"Venezia chiama la nuova Bosnia" di Davide Carnemolla (Settimana internazionale della memoria 2011)

«Srebrenica non è una tragedia bosniaca, o balcanica, o europea. Srebrenica è una tragedia dell’umanità. È la tragedia». Così l’attrice Roberta Biagiarelli definisce il genocidio dei musulmani avvenuto nel luglio 1995 nella città balcanica. Più di 10mila “bosniacchi” (bosniaci musulmani) massacrati dalle truppe serbe. Il più grande stermino dalla fine della Seconda guerra mondiale. Oggi Srebrenica ha appena 3.000 abitanti, sia serbi che musulmani. È una città che cerca di sopravvivere ma che resta un luogo dimenticato e, soprattutto, negato. Perchè continua ad essere negata la realtà più innegabile: il genocidio. I serbi non lo riconoscono e in città passeggiano ancora alcuni criminali di guerra. Vittime e carnefici gli uni accanto agli altri. «I parenti delle vittime del genocidio che vivono a Srebrenica si possono definire solo con una parola: eroi», dice Irfanka, psichiatra di Tuzla.
Proprio per non dimenticare Srebrenica è stato avviato dalla Fondazione Alexander Langer di Bolzano e dall’associazione bosniaca Tuzlanska Amica, il progetto Adopt Srebrenica che prevede una serie di attività e scambi tra attivisti italiani e bosniaci. Da due anni il Comune di Venezia, attraverso l’assessorato alle Politiche giovanili e il Centro Pace, è parte attiva di questo progetto e ha sostenuto la partecipazione di un gruppo di giovani volontari ad una serie di iniziative, tra cui “Dobardan Venecjia-Buongiorno Bosnia” a maggio e la Settimana Internazionale della Memoria svoltasi dal 3 al 10 settembre in Bosnia e Serbia, giunta alla quinta edizione. Un’occasione importante per conoscere i giovani bosniaci e parlare con loro del tragico passato, del presente e delle loro prospettive future.
Aver trascorso buona parte del tempo a Srebrenica, città-simbolo dell’odio etnico e religioso, ha avuto un significato particolare. Case trivellate, vite devastate, giovani che hanno perso i propri cari. «Mio padre è morto durante la guerra», ricorda Sena. Stessa sorte ha avuto quello di Diana, una ragazza che si è dichiarata jugoslava e per questo non trova lavoro. «Mi sono detta: non voglio essere nè serba nè bosniacca, ma solo me stessa». Tanti altri ragazzi coinvolti in Adopt Srebrenica hanno perso i familiari ma non la speranza. Sono serbi o musulmani e veri “costruttori di convivenza” di cui la Bosnia ha bisogno. Vogliono tornare alla normalità e vivere in un Paese che non sia schiavo nè degli ultranazionalisti nè della comunità internazionale che hanno recato innumerevoli danni alla Bosnia.
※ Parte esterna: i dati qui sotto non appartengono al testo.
(* Let $\mathfrak{n}$ be the real $7$-dimensional Lie algebra with basis $e_1,\dots,e_7$ whose nonzero brackets (up to antisymmetry) are $[e_1,e_2]=e_3$, $[e_1,e_3]=e_4$, $[e_1,e_4]=e_6$, $[e_1,e_6]=e_7$, $[e_2,e_3]=e_5$, $[e_2,e_5]=e_6$, $[e_2,e_6]=e_7$, $[e_3,e_4]=-e_7$, $[e_3,e_5]=e_7$. Then $\mathfrak{n}$ is an Einstein nilradical.
   Context: A real nilpotent Lie algebra $\mathfrak{n}$ is called an Einstein nilradical if it admits an inner product such that the left-invariant Riemannian metric it defines on the simply connected nilpotent Lie group with Lie algebra $\mathfrak{n}$ is a nilsoliton, i.e. its Ricci operator satisfies $\mathrm{Ric}=c\,\mathrm{Id}+D$ for some $c\in\mathbb{R}$ and some derivation $D$ of $\mathfrak{n}$. Brackets of basis elements not listed are zero. *)

theory Defs
  imports "HOL-Analysis.Analysis"
begin

definition lie_bracket :: "(real^'n \<Rightarrow> real^'n \<Rightarrow> real^'n) \<Rightarrow> bool" where
  "lie_bracket br \<longleftrightarrow> bilinear br \<and> (\<forall>x. br x x = 0) \<and>
     (\<forall>x y z. br x (br y z) + br y (br z x) + br z (br x y) = 0)"

definition nilpotent_lie :: "(real^'n \<Rightarrow> real^'n \<Rightarrow> real^'n) \<Rightarrow> bool" where
  "nilpotent_lie br \<longleftrightarrow> (\<exists>k. \<forall>xs y. length xs = k \<longrightarrow> foldr br xs y = 0)"

definition derivation :: "(real^'n \<Rightarrow> real^'n \<Rightarrow> real^'n) \<Rightarrow> (real^'n \<Rightarrow> real^'n) \<Rightarrow> bool" where
  "derivation br D \<longleftrightarrow> linear D \<and> (\<forall>x y. D (br x y) = br (D x) y + br x (D y))"

definition inner_product :: "(real^'n \<Rightarrow> real^'n \<Rightarrow> real) \<Rightarrow> bool" where
  "inner_product g \<longleftrightarrow> bilinear g \<and> (\<forall>x y. g x y = g y x) \<and> (\<forall>x. x \<noteq> 0 \<longrightarrow> g x x > 0)"

text \<open>Levi-Civita connection on left-invariant vector fields, via the Koszul formula.\<close>
definition levi_civita ::
  "(real^'n \<Rightarrow> real^'n \<Rightarrow> real) \<Rightarrow> (real^'n \<Rightarrow> real^'n \<Rightarrow> real^'n) \<Rightarrow> real^'n \<Rightarrow> real^'n \<Rightarrow> real^'n" where
  "levi_civita g br X Y = (THE W. \<forall>Z. 2 * g W Z = g (br X Y) Z - g (br Y Z) X + g (br Z X) Y)"

definition curvature ::
  "(real^'n \<Rightarrow> real^'n \<Rightarrow> real) \<Rightarrow> (real^'n \<Rightarrow> real^'n \<Rightarrow> real^'n) \<Rightarrow> real^'n \<Rightarrow> real^'n \<Rightarrow> real^'n \<Rightarrow> real^'n" where
  "curvature g br X Y Z =
     levi_civita g br X (levi_civita g br Y Z) - levi_civita g br Y (levi_civita g br X Z)
     - levi_civita g br (br X Y) Z"

definition ricci_tensor ::
  "(real^'n \<Rightarrow> real^'n \<Rightarrow> real) \<Rightarrow> (real^'n \<Rightarrow> real^'n \<Rightarrow> real^'n) \<Rightarrow> real^'n \<Rightarrow> real^'n \<Rightarrow> real" where
  "ricci_tensor g br Y Z = trace (matrix (\<lambda>X. curvature g br X Y Z))"

definition ricci_operator ::
  "(real^'n \<Rightarrow> real^'n \<Rightarrow> real) \<Rightarrow> (real^'n \<Rightarrow> real^'n \<Rightarrow> real^'n) \<Rightarrow> real^'n \<Rightarrow> real^'n" where
  "ricci_operator g br Y = (THE W. \<forall>Z. g W Z = ricci_tensor g br Y Z)"

definition nilsoliton ::
  "(real^'n \<Rightarrow> real^'n \<Rightarrow> real) \<Rightarrow> (real^'n \<Rightarrow> real^'n \<Rightarrow> real^'n) \<Rightarrow> bool" where
  "nilsoliton g br \<longleftrightarrow>
     (\<exists>(c::real) D. derivation br D \<and> (\<forall>X. ricci_operator g br X = c *\<^sub>R X + D X))"

definition einstein_nilradical :: "(real^'n \<Rightarrow> real^'n \<Rightarrow> real^'n) \<Rightarrow> bool" where
  "einstein_nilradical br \<longleftrightarrow> lie_bracket br \<and> nilpotent_lie br \<and>
     (\<exists>g. inner_product g \<and> nilsoliton g br)"

text \<open>Coordinates x\$1, ..., x\$7 w.r.t. e_1..e_7 (note (7::7) = 0, which is a distinct index).\<close>
definition brk7 :: "real^7 \<Rightarrow> real^7 \<Rightarrow> real^7" where
  "brk7 x y = vector
     [0, 0,
      x$1 * y$2 - x$2 * y$1,
      x$1 * y$3 - x$3 * y$1,
      x$2 * y$3 - x$3 * y$2,
      (x$1 * y$4 - x$4 * y$1) + (x$2 * y$5 - x$5 * y$2),
      (x$1 * y$6 - x$6 * y$1) + (x$2 * y$6 - x$6 * y$2)
        - (x$3 * y$4 - x$4 * y$3) + (x$3 * y$5 - x$5 * y$3)]"

end

theory Submission
  imports Defs
begin

text \<open>Give \<open>e\<^sub>1, e\<^sub>2\<close> degree 1, \<open>e\<^sub>3\<close> degree 2, \<open>e\<^sub>4, e\<^sub>5\<close> degree 3,
  \<open>e\<^sub>6\<close> degree 4 and \<open>e\<^sub>7\<close> degree 5. Every bracket \<open>[e\<^sub>i, e\<^sub>j]\<close> is homogeneous of
  degree \<open>deg e\<^sub>i + deg e\<^sub>j\<close>, so brackets of length five vanish and the operator \<open>D\<close>
  multiplying degree \<open>k\<close> by \<open>k\<close> is a derivation. The nilsoliton metric is not diagonal in
  the basis \<open>e\<^sub>i\<close>: it couples \<open>e\<^sub>1\<close> with \<open>e\<^sub>2\<close> and \<open>e\<^sub>4\<close> with \<open>e\<^sub>5\<close>.
  Solving the Koszul formula for it gives the Levi-Civita connection explicitly, and tracing
  the curvature yields \<open>Ric = -45/16 Id + 171/208 D\<close>.\<close>

lemma inner_product_eqI:
  assumes "inner_product g" and "\<And>Z. g W Z = g W' Z"
  shows "W = W'"
proof -
  from assms(1) have "bilinear g" and pos: "\<And>x. x \<noteq> 0 \<Longrightarrow> g x x > 0"
    unfolding inner_product_def by auto
  then have "g (W - W') (W - W') = 0"
    using assms(2) by (simp add: bilinear_lsub)
  then show ?thesis
    using pos[of "W - W'"] by auto
qed

lemma levi_civita_eqI:
  assumes "inner_product g"
    and "\<And>Z. 2 * g W Z = g (br X Y) Z - g (br Y Z) X + g (br Z X) Y"
  shows "levi_civita g br X Y = W"
  unfolding levi_civita_def
proof (rule the_equality)
  fix W' assume "\<forall>Z. 2 * g W' Z = g (br X Y) Z - g (br Y Z) X + g (br Z X) Y"
  with assms(2) have "\<And>Z. g W' Z = g W Z" by (metis mult_cancel_left zero_neq_numeral)
  with assms(1) show "W' = W" by (rule inner_product_eqI)
qed (use assms(2) in blast)

lemma ricci_operator_eqI:
  assumes "inner_product g" and "\<And>Z. g W Z = ricci_tensor g br Y Z"
  shows "ricci_operator g br Y = W"
  unfolding ricci_operator_def
proof (rule the_equality)
  fix W' assume "\<forall>Z. g W' Z = ricci_tensor g br Y Z"
  with assms(2) have "\<And>Z. g W' Z = g W Z" by simp
  with assms(1) show "W' = W" by (rule inner_product_eqI)
qed (use assms(2) in blast)

lemma nilsolitonI:
  assumes "inner_product g" and "derivation br D"
    and "\<And>Y Z. ricci_tensor g br Y Z = g (c *\<^sub>R Y + D Y) Z"
  shows "nilsoliton g br"
  unfolding nilsoliton_def
  using assms ricci_operator_eqI[OF assms(1)] by metis

lemma trace_matrix: "trace (matrix f) = (\<Sum>i\<in>UNIV. f (axis i 1) $ i)"
  by (simp add: trace_def matrix_def)

lemma nilpotent_lieI:
  assumes "\<And>y. P 0 y" and "\<And>i x y. P i y \<Longrightarrow> P (Suc i) (br x y)"
    and "\<And>y. P k y \<Longrightarrow> y = 0"
  shows "nilpotent_lie br"
proof -
  have "P (length xs) (foldr br xs y)" for xs y
    by (induction xs) (simp_all add: assms(1,2))
  then show ?thesis
    unfolding nilpotent_lie_def using assms(3) by (metis (full_types))
qed

lemma exhaust_7:
  fixes x :: 7
  shows "x = 1 \<or> x = 2 \<or> x = 3 \<or> x = 4 \<or> x = 5 \<or> x = 6 \<or> x = 7"
proof (induct x)
  case (of_int z)
  then have "z = 0 \<or> z = 1 \<or> z = 2 \<or> z = 3 \<or> z = 4 \<or> z = 5 \<or> z = 6" by fastforce
  then show ?case by auto
qed

lemma forall_7: "(\<forall>i::7. P i) \<longleftrightarrow> P 1 \<and> P 2 \<and> P 3 \<and> P 4 \<and> P 5 \<and> P 6 \<and> P 7"
  by (metis exhaust_7)

lemma UNIV_7: "UNIV = {1, 2, 3, 4, 5, 6, 7::7}"
  using exhaust_7 by auto

lemma sum_7: "sum f (UNIV::7 set) = f 1 + f 2 + f 3 + f 4 + f 5 + f 6 + f 7"
  unfolding UNIV_7 by (simp add: ac_simps)

lemma vec_eq_iff_7:
  "(x::'a^7) = y \<longleftrightarrow>
     x$1 = y$1 \<and> x$2 = y$2 \<and> x$3 = y$3 \<and> x$4 = y$4 \<and> x$5 = y$5 \<and> x$6 = y$6 \<and> x$7 = y$7"
  by (simp add: vec_eq_iff forall_7)

lemma vector_7 [simp]:
  "(vector [a1, a2, a3, a4, a5, a6, a7] :: 'a::zero^7) $ 1 = a1"
  "(vector [a1, a2, a3, a4, a5, a6, a7] :: 'a^7) $ 2 = a2"
  "(vector [a1, a2, a3, a4, a5, a6, a7] :: 'a^7) $ 3 = a3"
  "(vector [a1, a2, a3, a4, a5, a6, a7] :: 'a^7) $ 4 = a4"
  "(vector [a1, a2, a3, a4, a5, a6, a7] :: 'a^7) $ 5 = a5"
  "(vector [a1, a2, a3, a4, a5, a6, a7] :: 'a^7) $ 6 = a6"
  "(vector [a1, a2, a3, a4, a5, a6, a7] :: 'a^7) $ 7 = a7"
  by (simp_all add: vector_def)

lemma lie_bracket_brk7: "lie_bracket brk7"
  unfolding lie_bracket_def bilinear_def linear_iff
  by (simp add: vec_eq_iff_7 brk7_def algebra_simps)

definition deg7 :: "7 \<Rightarrow> nat" where
  "deg7 j = (if j = 1 \<or> j = 2 then 1 else if j = 3 then 2 else if j = 4 \<or> j = 5 then 3
     else if j = 6 then 4 else 5)"

lemma deg7_simps [simp]:
  "deg7 1 = 1" "deg7 2 = 1" "deg7 3 = 2" "deg7 4 = 3" "deg7 5 = 3" "deg7 6 = 4" "deg7 7 = 5"
  by (simp_all add: deg7_def)

lemma brk7_raises_degree:
  assumes "\<forall>j. deg7 j \<le> i \<longrightarrow> y $ j = 0"
  shows "\<forall>j. deg7 j \<le> Suc i \<longrightarrow> brk7 x y $ j = 0"
  using assms by (simp add: forall_7 brk7_def)

lemma nilpotent_lie_brk7: "nilpotent_lie brk7"
  by (rule nilpotent_lieI[where P = "\<lambda>i y. \<forall>j. deg7 j \<le> i \<longrightarrow> y $ j = 0" and k = 5])
    (auto simp: brk7_raises_degree vec_eq_iff deg7_def)

definition grading7 :: "real^7 \<Rightarrow> real^7" where
  "grading7 x = (\<chi> j. real (deg7 j) * x $ j)"

lemma derivation_grading7: "derivation brk7 (\<lambda>x. c *\<^sub>R grading7 x)"
  unfolding derivation_def linear_iff
  by (simp add: vec_eq_iff_7 grading7_def brk7_def algebra_simps)

definition g7 :: "real^7 \<Rightarrow> real^7 \<Rightarrow> real" where
  "g7 x y = x$1*y$1 + x$2*y$2 + 1/3*(x$1*y$2 + x$2*y$1) + x$3*y$3 + 45/52*(x$4*y$4 + x$5*y$5)
     - 15/52*(x$4*y$5 + x$5*y$4) + 45/52*(x$6*y$6) + 2025/2704*(x$7*y$7)"

lemma g7_sum_of_squares:
  "g7 x x = (x$1 + x$2/3)^2 + 8/9*(x$2)^2 + (x$3)^2 + 45/52*(x$4 - x$5/3)^2 + 10/13*(x$5)^2
     + 45/52*(x$6)^2 + 2025/2704*(x$7)^2"
  unfolding g7_def power2_eq_square by (simp add: field_simps)

lemma inner_product_g7: "inner_product g7"
  unfolding inner_product_def
proof (intro conjI allI impI)
  show "bilinear g7"
    unfolding bilinear_def linear_iff by (simp add: g7_def algebra_simps)
  show "g7 x y = g7 y x" for x y
    by (simp add: g7_def algebra_simps)
  fix x :: "real^7"
  assume "x \<noteq> 0"
  show "g7 x x > 0"
  proof (rule ccontr)
    assume "\<not> g7 x x > 0"
    then have "(x$1 + x$2/3)^2 = 0 \<and> (x$2)^2 = 0 \<and> (x$3)^2 = 0 \<and> (x$4 - x$5/3)^2 = 0
        \<and> (x$5)^2 = 0 \<and> (x$6)^2 = 0 \<and> (x$7)^2 = 0"
      unfolding g7_sum_of_squares
      using zero_le_power2[of "x$1 + x$2/3"] zero_le_power2[of "x$2"] zero_le_power2[of "x$3"]
        zero_le_power2[of "x$4 - x$5/3"] zero_le_power2[of "x$5"] zero_le_power2[of "x$6"]
        zero_le_power2[of "x$7"]
      by (intro conjI; linarith)
    with \<open>x \<noteq> 0\<close> show False
      by (simp add: vec_eq_iff_7)
  qed
qed

definition LC7 :: "real^7 \<Rightarrow> real^7 \<Rightarrow> real^7" where
  "LC7 X Y = vector [
     3/16 * X$1 * Y$3 + 9/16 * X$2 * Y$3 + 3/16 * X$3 * Y$1 + 9/16 * X$3 * Y$2
       + 225/416 * X$3 * Y$4 - 135/416 * X$3 * Y$5 + 225/416 * X$4 * Y$3 + 405/832 * X$4 * Y$6
       - 135/416 * X$5 * Y$3 - 135/832 * X$5 * Y$6 + 405/832 * X$6 * Y$4 - 135/832 * X$6 * Y$5
       + 6075/21632 * X$6 * Y$7 + 6075/21632 * X$7 * Y$6,
     - 9/16 * X$1 * Y$3 - 3/16 * X$2 * Y$3 - 9/16 * X$3 * Y$1 - 3/16 * X$3 * Y$2
       - 135/416 * X$3 * Y$4 + 225/416 * X$3 * Y$5 - 135/416 * X$4 * Y$3 - 135/832 * X$4 * Y$6
       + 225/416 * X$5 * Y$3 + 405/832 * X$5 * Y$6 - 135/832 * X$6 * Y$4 + 405/832 * X$6 * Y$5
       + 6075/21632 * X$6 * Y$7 + 6075/21632 * X$7 * Y$6,
     1/2 * X$1 * Y$2 - 45/104 * X$1 * Y$4 + 15/104 * X$1 * Y$5 - 1/2 * X$2 * Y$1
       + 15/104 * X$2 * Y$4 - 45/104 * X$2 * Y$5 - 45/104 * X$4 * Y$1 + 15/104 * X$4 * Y$2
       - 2025/5408 * X$4 * Y$7 + 15/104 * X$5 * Y$1 - 45/104 * X$5 * Y$2 + 2025/5408 * X$5 * Y$7
       - 2025/5408 * X$7 * Y$4 + 2025/5408 * X$7 * Y$5,
     1/2 * X$1 * Y$3 - 9/16 * X$1 * Y$6 - 3/16 * X$2 * Y$6 - 1/2 * X$3 * Y$1 + 135/416 * X$3 * Y$7
       - 9/16 * X$6 * Y$1 - 3/16 * X$6 * Y$2 + 135/416 * X$7 * Y$3,
     - 3/16 * X$1 * Y$6 + 1/2 * X$2 * Y$3 - 9/16 * X$2 * Y$6 - 1/2 * X$3 * Y$2
       - 135/416 * X$3 * Y$7 - 3/16 * X$6 * Y$1 - 9/16 * X$6 * Y$2 - 135/416 * X$7 * Y$3,
     1/2 * X$1 * Y$4 - 45/104 * X$1 * Y$7 + 1/2 * X$2 * Y$5 - 45/104 * X$2 * Y$7 - 1/2 * X$4 * Y$1
       - 1/2 * X$5 * Y$2 - 45/104 * X$7 * Y$1 - 45/104 * X$7 * Y$2,
     1/2 * X$1 * Y$6 + 1/2 * X$2 * Y$6 - 1/2 * X$3 * Y$4 + 1/2 * X$3 * Y$5 + 1/2 * X$4 * Y$3
       - 1/2 * X$5 * Y$3 - 1/2 * X$6 * Y$1 - 1/2 * X$6 * Y$2]"

lemma levi_civita_g7: "levi_civita g7 brk7 X Y = LC7 X Y"
  by (rule levi_civita_eqI[OF inner_product_g7])
    (simp add: g7_def LC7_def brk7_def algebra_simps)

lemma ricci_tensor_g7:
  "ricci_tensor g7 brk7 Y Z = g7 ((-45/16) *\<^sub>R Y + (171/208) *\<^sub>R grading7 Y) Z"
  unfolding ricci_tensor_def trace_matrix sum_7 curvature_def levi_civita_g7
  by (simp add: LC7_def brk7_def axis_def g7_def grading7_def algebra_simps;
      simp add: field_simps)

theorem mainTheorem13:
  shows "einstein_nilradical brk7"
  unfolding einstein_nilradical_def
proof (intro conjI exI)
  show "lie_bracket brk7" by (rule lie_bracket_brk7)
  show "nilpotent_lie brk7" by (rule nilpotent_lie_brk7)
  show "inner_product g7" by (rule inner_product_g7)
  show "nilsoliton g7 brk7"
    using inner_product_g7 derivation_grading7 ricci_tensor_g7 by (rule nilsolitonI)
qed

end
«Il mio sogno è vedere una Srebrenica piena di turisti e non di persone che vengono qui perché è avvenuto un genocidio», dice Djarko. Una vita normale la cerca anche Zjio, ragazzo rom la cui famiglia è stata sterminata dai serbi nel 1992: «Sono l’unico sopravvissuto del mio villaggio e sto portando avanti una causa penale affinchè venga fatta giustizia». La strada verso una “giustizia collettiva” è ancora lunga. I corpi di migliaia di vittime sono ancora dispersi, molti serbi (e in Italia anche alcuni esponenti della Lega Nord) considerano eroi i criminali di guerra Mladic e Karadžic e anche il prete ortodosso di Srebrenica nega il genocidio. Per questo Srebrenica va aiutata e ricordata.